Collected data entries

·····

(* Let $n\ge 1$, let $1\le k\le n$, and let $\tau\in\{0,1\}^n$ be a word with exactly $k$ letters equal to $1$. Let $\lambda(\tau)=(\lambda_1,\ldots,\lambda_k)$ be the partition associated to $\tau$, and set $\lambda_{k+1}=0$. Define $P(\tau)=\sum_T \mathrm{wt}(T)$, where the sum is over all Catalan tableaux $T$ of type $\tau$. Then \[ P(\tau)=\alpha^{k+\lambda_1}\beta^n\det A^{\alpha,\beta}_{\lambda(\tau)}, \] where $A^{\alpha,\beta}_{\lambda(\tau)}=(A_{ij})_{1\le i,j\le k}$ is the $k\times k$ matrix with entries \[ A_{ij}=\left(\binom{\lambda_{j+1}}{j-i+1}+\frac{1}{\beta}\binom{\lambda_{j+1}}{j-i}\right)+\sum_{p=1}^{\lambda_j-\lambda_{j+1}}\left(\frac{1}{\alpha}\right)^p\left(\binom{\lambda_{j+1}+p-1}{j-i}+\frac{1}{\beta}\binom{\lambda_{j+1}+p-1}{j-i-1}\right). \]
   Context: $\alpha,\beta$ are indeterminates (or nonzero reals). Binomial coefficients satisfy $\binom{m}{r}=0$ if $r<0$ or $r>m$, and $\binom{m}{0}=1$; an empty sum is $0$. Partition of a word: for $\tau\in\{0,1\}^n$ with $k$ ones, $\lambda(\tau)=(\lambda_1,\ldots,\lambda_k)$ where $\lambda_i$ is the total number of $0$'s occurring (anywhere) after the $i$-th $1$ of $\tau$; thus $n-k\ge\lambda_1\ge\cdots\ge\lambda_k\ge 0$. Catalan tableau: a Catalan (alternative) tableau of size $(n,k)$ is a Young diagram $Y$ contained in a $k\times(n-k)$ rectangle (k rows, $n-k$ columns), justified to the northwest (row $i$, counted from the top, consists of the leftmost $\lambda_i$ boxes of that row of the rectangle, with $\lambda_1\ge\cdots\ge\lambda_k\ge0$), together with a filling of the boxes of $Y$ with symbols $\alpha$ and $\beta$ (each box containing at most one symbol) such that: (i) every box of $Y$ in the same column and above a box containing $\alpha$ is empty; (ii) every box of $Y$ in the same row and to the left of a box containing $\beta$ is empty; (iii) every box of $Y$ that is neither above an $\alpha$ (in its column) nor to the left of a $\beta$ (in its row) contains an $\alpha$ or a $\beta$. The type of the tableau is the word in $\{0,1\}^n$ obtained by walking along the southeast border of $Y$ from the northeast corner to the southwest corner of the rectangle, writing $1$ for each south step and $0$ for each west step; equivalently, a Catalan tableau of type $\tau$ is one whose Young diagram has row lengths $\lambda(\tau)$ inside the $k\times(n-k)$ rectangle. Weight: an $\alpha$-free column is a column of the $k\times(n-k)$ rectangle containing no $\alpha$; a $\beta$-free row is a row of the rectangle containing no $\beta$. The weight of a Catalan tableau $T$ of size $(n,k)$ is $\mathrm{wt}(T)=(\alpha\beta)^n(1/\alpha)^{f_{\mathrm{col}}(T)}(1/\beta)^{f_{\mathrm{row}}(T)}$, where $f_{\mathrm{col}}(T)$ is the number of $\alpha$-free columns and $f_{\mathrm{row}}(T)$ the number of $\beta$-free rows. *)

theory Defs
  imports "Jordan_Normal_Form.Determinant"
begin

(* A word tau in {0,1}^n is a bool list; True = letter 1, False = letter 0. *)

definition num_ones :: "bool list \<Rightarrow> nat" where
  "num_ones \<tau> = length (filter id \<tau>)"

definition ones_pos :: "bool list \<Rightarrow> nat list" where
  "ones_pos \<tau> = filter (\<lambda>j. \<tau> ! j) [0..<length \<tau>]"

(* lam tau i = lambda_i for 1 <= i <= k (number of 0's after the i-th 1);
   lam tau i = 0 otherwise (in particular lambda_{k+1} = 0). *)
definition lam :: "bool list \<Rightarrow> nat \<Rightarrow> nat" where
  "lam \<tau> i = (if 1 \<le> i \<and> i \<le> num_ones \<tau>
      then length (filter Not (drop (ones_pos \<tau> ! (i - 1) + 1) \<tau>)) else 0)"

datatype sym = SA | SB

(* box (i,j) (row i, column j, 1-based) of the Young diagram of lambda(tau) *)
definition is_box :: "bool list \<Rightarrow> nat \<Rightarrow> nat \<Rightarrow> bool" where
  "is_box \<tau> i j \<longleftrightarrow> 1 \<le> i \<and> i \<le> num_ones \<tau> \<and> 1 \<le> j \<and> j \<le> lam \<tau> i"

·····

* What the exercise asks
Please write out the lines that run from the one with "theory Defs" to the end of the records, both included, exactly as they appear.

* Answer to the problem
theory Defs
  imports "Jordan_Normal_Form.Determinant"
begin

(* A word tau in {0,1}^n is a bool list; True = letter 1, False = letter 0. *)

definition num_ones :: "bool list \<Rightarrow> nat" where
  "num_ones \<tau> = length (filter id \<tau>)"

definition ones_pos :: "bool list \<Rightarrow> nat list" where
  "ones_pos \<tau> = filter (\<lambda>j. \<tau> ! j) [0..<length \<tau>]"

(* lam tau i = lambda_i for 1 <= i <= k (number of 0's after the i-th 1);
   lam tau i = 0 otherwise (in particular lambda_{k+1} = 0). *)
definition lam :: "bool list \<Rightarrow> nat \<Rightarrow> nat" where
  "lam \<tau> i = (if 1 \<le> i \<and> i \<le> num_ones \<tau>
      then length (filter Not (drop (ones_pos \<tau> ! (i - 1) + 1) \<tau>)) else 0)"

datatype sym = SA | SB

(* box (i,j) (row i, column j, 1-based) of the Young diagram of lambda(tau) *)
definition is_box :: "bool list \<Rightarrow> nat \<Rightarrow> nat \<Rightarrow> bool" where
  "is_box \<tau> i j \<longleftrightarrow> 1 \<le> i \<and> i \<le> num_ones \<tau> \<and> 1 \<le> j \<and> j \<le> lam \<tau> i"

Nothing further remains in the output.